Doing this over Wi-Fi is relatively easy, DiVitas CEO Vivek Khuller told chúng tôi in a recent conversation, “because you are in control of the network and it’s an all-IP network. However to provide the same feature set over cellular is not a trivial task. That requires coordination—both on the client side and on the server side—between two disparate networks: cell voice and cell data,” Khuller said.
“When you combine all three together—cell voice, cell data, and Wi-Fi—it gets even more difficult,” Khuller continued. “There could be three people on a single call; one on cell, one on campus Wi-Fi, another on public Wi-Fi—three very different networks, controlled by three separate entities. How do you now manage that call—without echo, latency, with everybody having equal features?”
From DiVitas’s perspective, the task is far easier if that functionality was a fundamental goal of the product’s initial design—from the ground up. It’s tougher to do as an add-on to an architecture that didn’t envision it at the outset.
Which brings us to Cisco’s second announcement (last week), of the Cisco 3300 Series Mobility Services Engine or MSE (read the release here).
If you don’t know what a Mobility Services Engines is, don’t feel bad. Neither did we. If we’ve got it right, this is an appliance-based middleware platform that will serve the ambitious goal of normalizing and integrating the entire spectrum of networking technologies, both wired and wireless, allowing the sharing of both data and application functionality among devices, regardless of their network connections.
The “platform offers an open application programming interface (API) for consolidating and supporting an array of mobility services across wireless and wired network,” according to the company. That is, software applications—and other appliances—will be able to access resources provided by the MSE.
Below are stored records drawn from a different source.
(* Let $n,d$ be positive integers, $\mathbf{c}\in\mathbb{Z}^n_+$, and $\mathbb{P}\subseteq[0,d]^n$ a bounded polyhedron with $\mathbb{P}\cap\mathbb{Z}^n\ne\emptyset$, and consider the lexicographic integer program of finding a lexicographically maximum element of $\mathbb{S}=\{(\mathbf{c}^\top\mathbf{x},x_1,\dots,x_n):\mathbf{x}\in\mathbb{P}\cap\mathbb{Z}^n\}$ (equivalently, an optimal solution of $\max\{\mathbf{c}^\top\mathbf{x}:\mathbf{x}\in\mathbb{P}\cap\mathbb{Z}^n\}$, ties broken lexicographically). Let $a_1=d$ and $a_k=d(1+\sum_{j=1}^{k-1}a_j)$ for $k\in\{2,\dots,n\}$. Consider the cutting plane algorithm: set $L_0=\{\mathbf{z}\in\mathbb{R}^{n+1}:(z_1,\dots,z_n)\in\mathbb{P},\ z_0=\sum_i c_iz_i\}$; at iteration $t=0,1,2,\dots$ let $\mathbf{z}_t^\star$ be a lexicographically maximum element of $L_t$; if $\mathbf{z}_t^\star$ is integral, stop and output it; otherwise generate the $n+1$ cuts $z_i+\sum_{j=0}^{i-1}a_{i-j}(z_j-\lceil(\mathbf{z}_t^\star)_j\rceil)\le\lfloor(\mathbf{z}_t^\star)_i\rfloor$, $i\in\{0,\dots,n\}$, select the cut with index $k=\min\{j:(\mathbf{z}_t^\star)_j\notin\mathbb{Z}\}$, and let $L_{t+1}$ be $L_t$ intersected with the half-space defined by that cut. Then this algorithm terminates after a finite number of iterations and outputs an optimal solution of the lexicographic integer program, i.e., a lexicographically maximum element of $\mathbb{S}$.
   Context: Lexicographic order on $\mathbb{R}^{n+1}$: $\mathbf{x}<_L\mathbf{y}$ if there is $k\in\{0,\dots,n\}$ with $x_k<y_k$ and $x_i=y_i$ for all $i<k$; $\mathbf{x}\le_L\mathbf{y}$ means $\mathbf{x}<_L\mathbf{y}$ or $\mathbf{x}=\mathbf{y}$. A lexicographically maximum element of a set $T$ is some $\mathbf{t}\in T$ with $\mathbf{s}\le_L\mathbf{t}$ for all $\mathbf{s}\in T$. The rule of selecting the cut whose index is the first non-integral coordinate of the current LP solution is the paper's standing assumption on the learned cut selection policy (HEM/HEM++). *)

theory Defs
  imports Main Complex_Main
begin

text \<open>Vectors of R^(n+1) are represented as functions nat => real indexed by 0..n
  (zero outside); vectors of R^n as functions indexed by 1..n (zero outside).\<close>

definition supp_in :: "nat set \<Rightarrow> (nat \<Rightarrow> real) \<Rightarrow> bool" where
  "supp_in I x \<longleftrightarrow> (\<forall>i. i \<notin> I \<longrightarrow> x i = 0)"

definition lex_less :: "nat \<Rightarrow> (nat \<Rightarrow> real) \<Rightarrow> (nat \<Rightarrow> real) \<Rightarrow> bool" where
  "lex_less n x y \<longleftrightarrow> (\<exists>k\<le>n. x k < y k \<and> (\<forall>i<k. x i = y i))"

definition lex_le :: "nat \<Rightarrow> (nat \<Rightarrow> real) \<Rightarrow> (nat \<Rightarrow> real) \<Rightarrow> bool" where
  "lex_le n x y \<longleftrightarrow> lex_less n x y \<or> x = y"

definition is_lexmax :: "nat \<Rightarrow> (nat \<Rightarrow> real) set \<Rightarrow> (nat \<Rightarrow> real) \<Rightarrow> bool" where
  "is_lexmax n T t \<longleftrightarrow> t \<in> T \<and> (\<forall>s\<in>T. lex_le n s t)"

definition lexmax :: "nat \<Rightarrow> (nat \<Rightarrow> real) set \<Rightarrow> (nat \<Rightarrow> real)" where
  "lexmax n T = (THE t. is_lexmax n T t)"

definition integral_vec :: "nat \<Rightarrow> (nat \<Rightarrow> real) \<Rightarrow> bool" where
  "integral_vec n z \<longleftrightarrow> (\<forall>i\<le>n. z i \<in> \<int>)"

definition polyhedron :: "nat \<Rightarrow> nat \<Rightarrow> (nat \<Rightarrow> nat \<Rightarrow> real) \<Rightarrow> (nat \<Rightarrow> real) \<Rightarrow> (nat \<Rightarrow> real) set" where
  "polyhedron n m A b = {x. supp_in {1..n} x \<and> (\<forall>r<m. (\<Sum>j=1..n. A r j * x j) \<le> b r)}"

definition objval :: "nat \<Rightarrow> (nat \<Rightarrow> int) \<Rightarrow> (nat \<Rightarrow> real) \<Rightarrow> real" where
  "objval n c x = (\<Sum>i=1..n. real_of_int (c i) * x i)"

definition lexIP_set :: "nat \<Rightarrow> (nat \<Rightarrow> int) \<Rightarrow> (nat \<Rightarrow> real) set \<Rightarrow> (nat \<Rightarrow> real) set" where
  "lexIP_set n c P = {x(0 := objval n c x) | x. x \<in> P \<and> (\<forall>j. x j \<in> \<int>)}"

definition L0 :: "nat \<Rightarrow> (nat \<Rightarrow> int) \<Rightarrow> (nat \<Rightarrow> real) set \<Rightarrow> (nat \<Rightarrow> real) set" where
  "L0 n c P = {z. supp_in {0..n} z \<and> z(0 := 0) \<in> P \<and> z 0 = objval n c z}"

definition cut :: "(nat \<Rightarrow> int) \<Rightarrow> (nat \<Rightarrow> real) \<Rightarrow> nat \<Rightarrow> (nat \<Rightarrow> real) set" where
  "cut a zs i = {z. z i + (\<Sum>j<i. real_of_int (a (i - j)) * (z j - real_of_int \<lceil>zs j\<rceil>))
                    \<le> real_of_int \<lfloor>zs i\<rfloor>}"

definition first_frac :: "(nat \<Rightarrow> real) \<Rightarrow> nat" where
  "first_frac z = (LEAST j. z j \<notin> \<int>)"

primrec Lseq :: "nat \<Rightarrow> (nat \<Rightarrow> int) \<Rightarrow> (nat \<Rightarrow> int) \<Rightarrow> (nat \<Rightarrow> real) set \<Rightarrow> nat \<Rightarrow> (nat \<Rightarrow> real) set" where
  "Lseq n c a P 0 = L0 n c P"
| "Lseq n c a P (Suc t) =
     (let z = lexmax n (Lseq n c a P t) in
      if integral_vec n z then Lseq n c a P t
      else Lseq n c a P t \<inter> cut a z (first_frac z))"

end

theory Submission
  imports Defs "HOL-Analysis.Function_Topology"
begin

text \<open>Write \<open>z\<^sub>t\<close> for the lexicographic maximum of \<open>L\<^sub>t\<close> and \<open>S\<close> for the lifted integer
  points of \<open>P\<close>. The cut selected at a fractional \<open>z\<^sub>t\<close> is valid for every integral \<open>y\<close> of \<open>L\<^sub>0\<close>
  with \<open>y \<le>\<^sub>L z\<^sub>t\<close>: if \<open>y\<close> first drops below \<open>z\<^sub>t\<close> at an index \<open>j\<^sub>0\<close> before the first
  fractional index \<open>k\<close>, the weight \<open>a\<^bsub>k-j\<^sub>0\<^esub>\<close> of that unit deficit exceeds everything the
  coordinates strictly between \<open>j\<^sub>0\<close> and \<open>k\<close> can contribute, as they lie in \<open>[0,d]\<close>. Hence every
  \<open>L\<^sub>t\<close> is a compact set containing \<open>S\<close>, so \<open>z\<^sub>t\<close> exists, dominates \<open>S\<close>, and the sequence
  \<open>z\<^sub>t\<close> is lexicographically nonincreasing. Its coordinates then settle one at a time: once the
  first \<open>i\<close> of them are constant and integral, every later fractional \<open>(z\<^sub>t)\<^sub>i\<close> is the first
  fractional coordinate, and the cut at index \<open>i\<close> strictly lowers the integer \<open>\<lceil>(z\<^sub>t)\<^sub>i\<rceil>\<close>,
  which is bounded below. So some \<open>z\<^sub>t\<close> is integral; it then lies in \<open>S\<close> and is its
  lexicographic maximum.\<close>

section \<open>Lexicographic maxima of compact sets\<close>

lemma lex_less_asym: "lex_less n x y \<Longrightarrow> \<not> lex_less n y x"
  unfolding lex_less_def by (metis linorder_neqE_nat not_less_iff_gr_or_eq)

lemma lexmax_eqI: "is_lexmax n T t \<Longrightarrow> lexmax n T = t"
  unfolding lexmax_def
  by (rule the_equality) (metis is_lexmax_def lex_le_def lex_less_asym)+

lemma lex_le_coord_le:
  assumes "lex_le n y z" and "\<forall>j<i. y j = z j"
  shows "y i \<le> z i"
proof (cases "y = z")
  case False
  then obtain k where k: "y k < z k" "\<forall>j<k. y j = z j"
    using assms(1) unfolding lex_le_def lex_less_def by blast
  then show ?thesis
  proof (cases k i rule: linorder_cases)
    case less
    then show ?thesis
      using k assms(2) by force
  qed simp_all
qed simp

primrec lex_layers :: "(nat \<Rightarrow> real) set \<Rightarrow> nat \<Rightarrow> (nat \<Rightarrow> real) set" where
  "lex_layers K 0 = K"
| "lex_layers K (Suc i) = {z \<in> lex_layers K i. \<forall>w\<in>lex_layers K i. w i \<le> z i}"

lemma compact_coordinate_maximizers:
  fixes K :: "(nat \<Rightarrow> real) set"
  assumes "compact K" "K \<noteq> {}"
  shows "compact {z \<in> K. \<forall>w\<in>K. w i \<le> z i} \<and> {z \<in> K. \<forall>w\<in>K. w i \<le> z i} \<noteq> {}"
proof -
  have "compact ((\<lambda>z. z i) ` K)"
    using assms(1)
    by (intro compact_continuous_image continuous_on_subset[OF continuous_on_product_coordinates])
      auto
  then obtain s where "s \<in> (\<lambda>z. z i) ` K" "\<forall>t\<in>(\<lambda>z. z i) ` K. t \<le> s"
    using compact_attains_sup assms(2) by (metis image_is_empty)
  then obtain z0 where z0: "z0 \<in> K" "\<forall>w\<in>K. w i \<le> z0 i" by auto
  then have eq: "{z \<in> K. \<forall>w\<in>K. w i \<le> z i} = K \<inter> {z. z0 i \<le> z i}"
    by force
  have "closed {z :: nat \<Rightarrow> real. z0 i \<le> z i}"
    by (intro closed_Collect_le continuous_on_const continuous_on_product_coordinates)
  then show ?thesis
    unfolding eq using assms(1) z0 compact_Int_closed by blast
qed

lemma compact_lex_layers:
  assumes "compact K" "K \<noteq> {}"
  shows "compact (lex_layers K i) \<and> lex_layers K i \<noteq> {}"
proof (induction i)
  case (Suc i)
  then show ?case
    using compact_coordinate_maximizers[of "lex_layers K i" i] by simp
qed (simp add: assms)

lemma lex_layers_antimono: "j \<le> i \<Longrightarrow> lex_layers K i \<subseteq> lex_layers K j"
  by (induction i) (auto simp: le_Suc_eq)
Cisco will be releasing an initial four software offerings for the MSE platform, one of which—Cisco Mobile Intelligent Roaming (MIR), due out some time in the second half of the year—can facilitate (but not actually execute) handoffs when devices roam between networks.
“If we know that network performance is changing in a way that impacts the application, it might make sense to transition to another network. MIR can provide that intelligence to other platforms that actually trigger the roam,” Chris Kozup, Senior Manager, Cisco Mobility Solutions told our sister publication Wi-Fi chúng tôi in an interview.
Actually bringing about the connection transfer requires another device or gateway, and one member of Cisco’s technology “partner ecosystem”—Silicon Valley startup Agito Networks—announced (in conjunction with the MSE release) that its RoamAnywhere Mobility Router will integrate with the Cisco Engine to provide customers with a full-blown solution for seamless cellular/Wi-Fi handoff.
So, before the end of this year, Cisco VoIP shops will have the tools needed to begin to provide communications capabilities to far-flung mobile workers. For better or worse, it will involve one or more additional devices in the network infrastructure that customers will have to manage and troubleshoot.